I find it very unusual why someone would try and discredit Tao. It seems a bit unusual and scary, especially when the person/persons are leaving comments as a faux "Tao Lin". It looks like the only way to solve that problem is to remove blogger's ability to post anonymous comments. 

I will be heading to Ohio and New York City this week. The first leg of my trip will be to visit Noah, and get a feel for his town for a possible filming of his novel. I'll have to look around and see what the area is like. It could be possible to simply shoot B-footage in Ohio and then the rest in Los Angeles, but I have no idea. I am a long way from making definite decisions now. 
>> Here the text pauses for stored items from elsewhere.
lemma W_dual_comb_norm_least:
  assumes "\<And>c. c00 c \<Longrightarrow> W_norm x y m n c \<le> 1 \<Longrightarrow> \<bar>\<Sum>i<K. a i * c i\<bar> \<le> B"
  shows "W_dual_comb_norm x y m n K a \<le> B"
  unfolding W_dual_comb_norm_def
proof (rule cSup_least)
  show "{\<bar>\<Sum>i<K. a i * c i\<bar> | c. c00 c \<and> W_norm x y m n c \<le> 1} \<noteq> {}"
    by (auto intro!: exI[of _ "\<lambda>_. 0"] simp: c00_def W_norm_def)
qed (use assms in blast)

lemma W_norm_scaleR: "W_norm x y m n (\<lambda>i. t * c i) = \<bar>t\<bar> * W_norm x y m n c"
proof (cases "t = 0")
  case True
  then show ?thesis by (simp add: W_norm_def)
next
  case False
  have "(\<Sum>i | t * c (m i) \<noteq> 0. (t * c (m i)) *\<^sub>R x i) = t *\<^sub>R (\<Sum>i | c (m i) \<noteq> 0. c (m i) *\<^sub>R x i)"
    "(\<Sum>i | t * c (n i) \<noteq> 0. (t * c (n i)) *\<^sub>R y i) = t *\<^sub>R (\<Sum>i | c (n i) \<noteq> 0. c (n i) *\<^sub>R y i)"
    using False by (simp_all add: scaleR_sum_right)
  then show ?thesis
    by (simp add: W_norm_def max_mult_distrib_left)
qed

lemma abs_sum_le_W_dual_comb_norm_mult:
  assumes c: "c00 c"
  shows "\<bar>\<Sum>i<K. a i * c i\<bar> \<le> W_dual_comb_norm x y m n K a * W_norm x y m n c"
proof (cases "W_norm x y m n c = 0")
  case True
  then have "c i = 0" for i using abs_le_W_norm[OF c, of i] by simp
  then show ?thesis using W_dual_comb_norm_nonneg W_norm_nonneg by simp
next
  case False
  then have pos: "0 < W_norm x y m n c" using W_norm_nonneg[of c] by simp
  let ?t = "1 / W_norm x y m n c"
  have "c00 (\<lambda>i. ?t * c i)"
    using c unfolding c00_def by (rule finite_subset[rotated]) auto
  moreover have "W_norm x y m n (\<lambda>i. ?t * c i) \<le> 1"
    using pos W_norm_scaleR[of ?t c] by simp
  ultimately have "\<bar>\<Sum>i<K. a i * (?t * c i)\<bar> \<le> W_dual_comb_norm x y m n K a"
    by (rule abs_sum_le_W_dual_comb_norm)
  moreover have "(\<Sum>i<K. a i * (?t * c i)) = ?t * (\<Sum>i<K. a i * c i)"
    by (simp add: sum_distrib_left mult_ac)
  ultimately show ?thesis
    using pos by (simp add: abs_mult divide_le_eq mult.commute)
qed

lemma abs_le_W_dual_comb_norm:
  assumes "i < K"
  shows "\<bar>a i\<bar> \<le> W_dual_comb_norm x y m n K a"
proof -
  let ?c = "\<lambda>k. if k = i then 1 else 0 :: real"
  have "c00 ?c" by (simp add: c00_def)
  moreover have "W_norm x y m n ?c \<le> 1"
    using norm_sum_indicator_le[OF inj_m x_norm, of i]
      norm_sum_indicator_le[OF inj_n y_norm, of i]
    by (simp add: W_norm_def)
  moreover have "(\<Sum>k<K. a k * ?c k) = a i"
    using assms by (simp add: if_distrib[of "\<lambda>c. _ * c"] cong: if_cong)
  ultimately show ?thesis
    using abs_sum_le_W_dual_comb_norm[where c = ?c and K = K and a = a] by simp
qed

lemma bounded_linear_coord_y: "bounded_linear (coord y j)"
proof (rule bounded_linear_intro[where K = "2 * Cy"])
  show "norm (coord y j v) \<le> norm v * (2 * Cy)" for v
    using abs_coord_y_le[of j v] by (simp add: mult_ac)
qed (simp_all add: coord_add[OF y_schauder] coord_scaleR[OF y_schauder])

lemma abs_coord_comb_le_dual_comb_norm:
  assumes "norm w \<le> 1"
  shows "\<bar>\<Sum>j<J. \<psi> j * coord y j w\<bar> \<le> dual_comb_norm y J \<psi>"
proof -
  have bl: "bounded_linear (\<lambda>v. \<Sum>j<J. \<psi> j * coord y j v)"
    by (intro bounded_linear_sum bounded_linear_const_mult bounded_linear_coord_y)
  have "\<bar>\<Sum>j<J. \<psi> j * coord y j w\<bar> \<le> dual_comb_norm y J \<psi> * norm w"
    using onorm[OF bl, of w] by (simp add: dual_comb_norm_def)
  also have "\<dots> \<le> dual_comb_norm y J \<psi>"
    using assms onorm_pos_le[OF bl] by (simp add: dual_comb_norm_def mult_left_le)
  finally show ?thesis .
qed

lemma dual_comb_norm_le:
  assumes functional: "\<And>s. \<bar>\<Sum>j<J. s j * \<psi> j\<bar> \<le> A * norm (\<Sum>j<J. s j *\<^sub>R y j)" and A: "0 \<le> A"
  shows "dual_comb_norm y J \<psi> \<le> A * Cy"
  unfolding dual_comb_norm_def
proof (rule onorm_bound)
  show "0 \<le> A * Cy" using A Cy_ge_1 by simp
  fix u
  have "norm (\<Sum>j<J. \<psi> j * coord y j u) \<le> A * norm (basis_proj y {..<J} u)"
    using functional[of "\<lambda>j. coord y j u"] by (simp add: basis_proj_def mult.commute)
  also have "\<dots> \<le> A * (Cy * norm u)"
    using A y_proj_bounded by (rule mult_left_mono[rotated])
  finally show "norm (\<Sum>j<J. \<psi> j * coord y j u) \<le> A * Cy * norm u"
    by (simp add: mult.assoc)
qed

lemma dual_comb_norm_nonneg: "0 \<le> dual_comb_norm y J \<psi>"
  unfolding dual_comb_norm_def
  by (intro onorm_pos_le bounded_linear_sum bounded_linear_const_mult bounded_linear_coord_y)

definition coeff_embed :: "nat \<Rightarrow> nat \<Rightarrow> (nat \<Rightarrow> real) \<Rightarrow> 'a \<times> 'b" where
  "coeff_embed JM JN d = (\<Sum>j<JM. d (m j) *\<^sub>R x j, \<Sum>j<JN. d (n j) *\<^sub>R y j)"

definition pair_functional :: "nat \<Rightarrow> (nat \<Rightarrow> real) \<Rightarrow> 'a \<times> 'b \<Rightarrow> real" where
  "pair_functional K a g = (\<Sum>i<K. a i *
     (if i \<in> range m then coord x (inv m i) (fst g) else coord y (inv n i) (snd g)))"

lemma subspace_coeff_embed_image: "subspace (coeff_embed JM JN ` {d. \<forall>i\<ge>K. d i = 0})"
proof -
  have add: "coeff_embed JM JN d + coeff_embed JM JN d' = coeff_embed JM JN (\<lambda>i. d i + d' i)" for d d'
    by (simp add: coeff_embed_def sum.distrib scaleR_add_left)
  have scaleR: "t *\<^sub>R coeff_embed JM JN d = coeff_embed JM JN (\<lambda>i. t * d i)" for t d
    by (simp add: coeff_embed_def scaleR_sum_right)
  show ?thesis
    unfolding subspace_def
  proof safe
    show "0 \<in> coeff_embed JM JN ` {d. \<forall>i\<ge>K. d i = 0}"
      by (rule image_eqI[of _ _ "\<lambda>_. 0"]) (auto simp: coeff_embed_def zero_prod_def)
  qed (auto simp: add scaleR)
qed

lemma linear_on_pair_functional: "linear_on L (pair_functional K a)"
proof -
  have "pair_functional K a (g + h) = pair_functional K a g + pair_functional K a h" for g h
    unfolding pair_functional_def sum.distrib[symmetric]
    by (rule sum.cong) (simp_all add: coord_add[OF x_schauder] coord_add[OF y_schauder] distrib_left)
  moreover have "pair_functional K a (t *\<^sub>R g) = t * pair_functional K a g" for t g
    unfolding pair_functional_def sum_distrib_left
    by (rule sum.cong) (simp_all add: coord_scaleR[OF x_schauder] coord_scaleR[OF y_schauder])
  ultimately show ?thesis
    by (simp add: linear_on_def)
qed

context
  fixes K JM JN :: nat
  assumes JM: "\<And>j. j < JM \<longleftrightarrow> m j < K" and JN: "\<And>j. j < JN \<longleftrightarrow> n j < K"
begin

lemma W_norm_coeff_embed:
  assumes "\<And>i. K \<le> i \<Longrightarrow> d i = 0"
  shows "W_norm x y m n d = max (norm (fst (coeff_embed JM JN d))) (norm (snd (coeff_embed JM JN d)))"
proof -
  have "(\<Sum>i\<in>{i. d (m i) \<noteq> 0}. d (m i) *\<^sub>R x i) = (\<Sum>j<JM. d (m j) *\<^sub>R x j)"
    by (rule sum.mono_neutral_left) (use assms JM in \<open>auto simp flip: not_less\<close>)
  moreover have "(\<Sum>i\<in>{i. d (n i) \<noteq> 0}. d (n i) *\<^sub>R y i) = (\<Sum>j<JN. d (n j) *\<^sub>R y j)"
    by (rule sum.mono_neutral_left) (use assms JN in \<open>auto simp flip: not_less\<close>)
  ultimately show ?thesis by (simp add: W_norm_def coeff_embed_def)
qed

lemma pair_functional_coeff_embed: "pair_functional K a (coeff_embed JM JN d) = (\<Sum>i<K. a i * d i)"
proof -
  have "(if i \<in> range m then coord x (inv m i) (fst (coeff_embed JM JN d))
      else coord y (inv n i) (snd (coeff_embed JM JN d))) = d i" if "i < K" for i
  proof (cases "i \<in> range m")
    case True
    then obtain j where j: "i = m j" by auto
    moreover have "j < JM" using JM that j by simp
    ultimately show ?thesis
      using inj_m
      by (simp add: coeff_embed_def coord_finite_sum[OF x_schauder] inv_f_f)
  next
    case False
    then obtain j where j: "i = n j" using covering by auto
    moreover have "j < JN" using JN that j by simp
    ultimately show ?thesis
      using False inj_n
      by (simp add: coeff_embed_def coord_finite_sum[OF y_schauder] inv_f_f)
  qed
  then show ?thesis
    unfolding pair_functional_def by (intro sum.cong) simp_all
qed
My trip to the NYC will be short and sweet. I simply plan on seeing one of my old friends play a show with Fat Daddy Hasbeen at The Bowery Poetry Club on August 16th. I hope there'll be others who can come out of the woodworks to hang out. I'll probably stay in Brooklyn. I'm not sure if I'll stay overnight. I haven't made up my mind yet.

So Gee and I are not worrying about the trip to Los Angeles in February anymore. It looks like things have resolved themselves. It may have also helped that I took a survey/quiz that So Gee found via Oprah/CNN to create some awareness of how I thought about a possible marriage. I liked answering the questions. Here is one example:

Question: What is our ultimate financial goal regarding annual income, and when do we anticipate achieving it? By what means and through what efforts? 
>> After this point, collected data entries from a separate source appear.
lemma sd_pmap_unique:
  assumes "CHAR('a) = p" "prime p"
    and "restricted_lie_algebra p (sd_scale scale) (sd_bracket scale) pm"
    and "restricted_hom scale (\<lambda>_ _. 0) (\<lambda>_. 0) (sd_scale scale) (sd_bracket scale) pm (\<lambda>a. (a, 0))"
    and "restricted_hom (*) (\<lambda>_ _. 0) (\<lambda>c. c ^ p) (sd_scale scale) (sd_bracket scale) pm (\<lambda>c. (0, c))"
  shows "pm = sd_pmap p scale"
proof
  fix x :: "'b \<times> 'a"
  obtain n where n: "p = Suc (Suc n)"
    using prime_ge_2_nat[OF assms(2)] by (metis add_2_eq_Suc le_Suc_ex)
  have "pm (a, 0) = (0, 0)" "pm (0, c) = (0, c ^ p)" for a c
    using assms(4,5) unfolding restricted_hom_def by auto
  then have "pm (fst x, 0) = sd_pmap p scale (fst x, 0)" "pm (0, snd x) = sd_pmap p scale (0, snd x)"
    by (simp_all add: n sd_pmap_def sd_scale_def)
  then have "pm ((fst x, 0) + (0, snd x)) = sd_pmap p scale ((fst x, 0) + (0, snd x))"
    by (rule restricted_lie_algebra_pmap_add_eq[OF assms(3) sd_restricted_lie_algebra[OF assms(1,2)]])
  then show "pm x = sd_pmap p scale x"
    by simp
qed

lemma p_closed_sd_pmap: "x \<noteq> 0 \<Longrightarrow> p_closed (sd_scale scale) (sd_pmap p scale) x"
  by (auto simp: p_closed_def sd_pmap_def)

end

theorem proposition1p1:
  fixes sc :: "'k::field \<Rightarrow> 'a::ab_group_add \<Rightarrow> 'a" and B :: "'a set" and p :: nat
  assumes char: "CHAR('k) = p" and ppos: "p > 0"
    and fd: "finite_dimensional_vector_space sc B"
  defines "ia \<equiv> (\<lambda>a::'a. (a, 0::'k))" and "ib \<equiv> (\<lambda>c::'k. (0::'a, c))"
  shows
    "restricted_lie_algebra p (sd_scale sc) (sd_bracket sc) (sd_pmap p sc)
     \<and> restricted_hom sc (\<lambda>_ _. 0) (\<lambda>_. 0) (sd_scale sc) (sd_bracket sc) (sd_pmap p sc) ia
     \<and> restricted_hom (*) (\<lambda>_ _. 0) (\<lambda>c. c ^ p) (sd_scale sc) (sd_bracket sc) (sd_pmap p sc) ib
     \<and> (\<forall>pm. restricted_lie_algebra p (sd_scale sc) (sd_bracket sc) pm
             \<and> restricted_hom sc (\<lambda>_ _. 0) (\<lambda>_. 0) (sd_scale sc) (sd_bracket sc) pm ia
             \<and> restricted_hom (*) (\<lambda>_ _. 0) (\<lambda>c. c ^ p) (sd_scale sc) (sd_bracket sc) pm ib
             \<longrightarrow> pm = sd_pmap p sc)
     \<and> (\<forall>x. x \<noteq> 0 \<longrightarrow> p_closed (sd_scale sc) (sd_pmap p sc) x)"
proof -
  interpret vector_space sc
    using fd by (rule finite_dimensional_vector_space.axioms(1))
  have prime: "prime p"
    using char ppos prime_CHAR_semidom[where 'a='k] by simp
  have p2: "p \<ge> 2"
    using prime by (rule prime_ge_2_nat)
  show ?thesis
    unfolding ia_def ib_def
    by (intro conjI allI impI sd_restricted_lie_algebra[OF char prime] restricted_hom_sd_inl[OF p2]
        restricted_hom_sd_inr[OF ppos] p_closed_sd_pmap sd_pmap_unique[OF char prime]) auto
qed

end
I think that realistically we could expect up to 4-5,000 dollars a month from me within two years. I assume that in two years you would be able to start your business. Realistically, I would say it would be fantastic if you could make $1,000 a month from that. In five years, it would be wonderful if you earned at least $3,000 a month. Who knows if that's possible or what will happen? I love you though and will support you no matter what. 

I thought it would be painful to go through these questions at first, but now I can see they are valuable and helpful to a partner. It puts things on the same page. I like that. It would suck to be at the end of something, when your partner is still in the middle. 

I am off to eat something. 


PIROOZ LOVES MOO


It's true. I love Moo. I will dedicate my life to pleasing, Moo. If there was a way to live without Moo, I wouldn't do it. That is how dedicated I am to Moo. If Moo were a leave-in conditioner, I would leave it in everyday. That is how dedicated I am to Moo. If planes landed on Osama Bin Ladin's head, and he cried out "Moo!" I would take the word from his mouth and marry it. If there was such a thing as Moo pancakes, I would grill them in the morning and then eat them without syrup because I am watching my weight. So much Moo! Muchas Moo!! If Moo were a religion that Jim Morrison abstained from like a person in Congress might do courteously, then I would disagree with the gentleman from Delaware and make wild love to Moo. I would do it with Moo in the bathroom. I would tell Moo that I scratched my balls and sniffed them. I would paint Moo's toenails. I would milk myself for Moo. That is how much I moo, Moo. If I were Uma Thurman and Quentin Tarintino told me how to spell his name correctly, I would tell him to shut the fuck up because I am trying to listen to Moo. I would be like, "Shut up, please! Moo is fucking speaking!!" These days when Moo isn't in my life I feel like cleaning dishes or sobbing. When Moo turns on the lights in my house when it is dark, it is like she breeds radiant fixtures. I would like everyone to know Moo. I will send you a postcard of me and Moo. It will be a picture of us in a field. We will be knee-high in grass. You will say, "What were you doing with, Moo?" And I will say, "I was making love to Moo. She is my everything. I would die for her. Don't you understand? Get out of my fucking face, you Moo-poseur! Out!!" Now that Moo has come into my life I think I will finally settle down and die. That is how much I drink the testicle strength of Moo. I fall down fellatio-flat for Moo. My life is for Moo. Moo me. Seriously. I am Moo.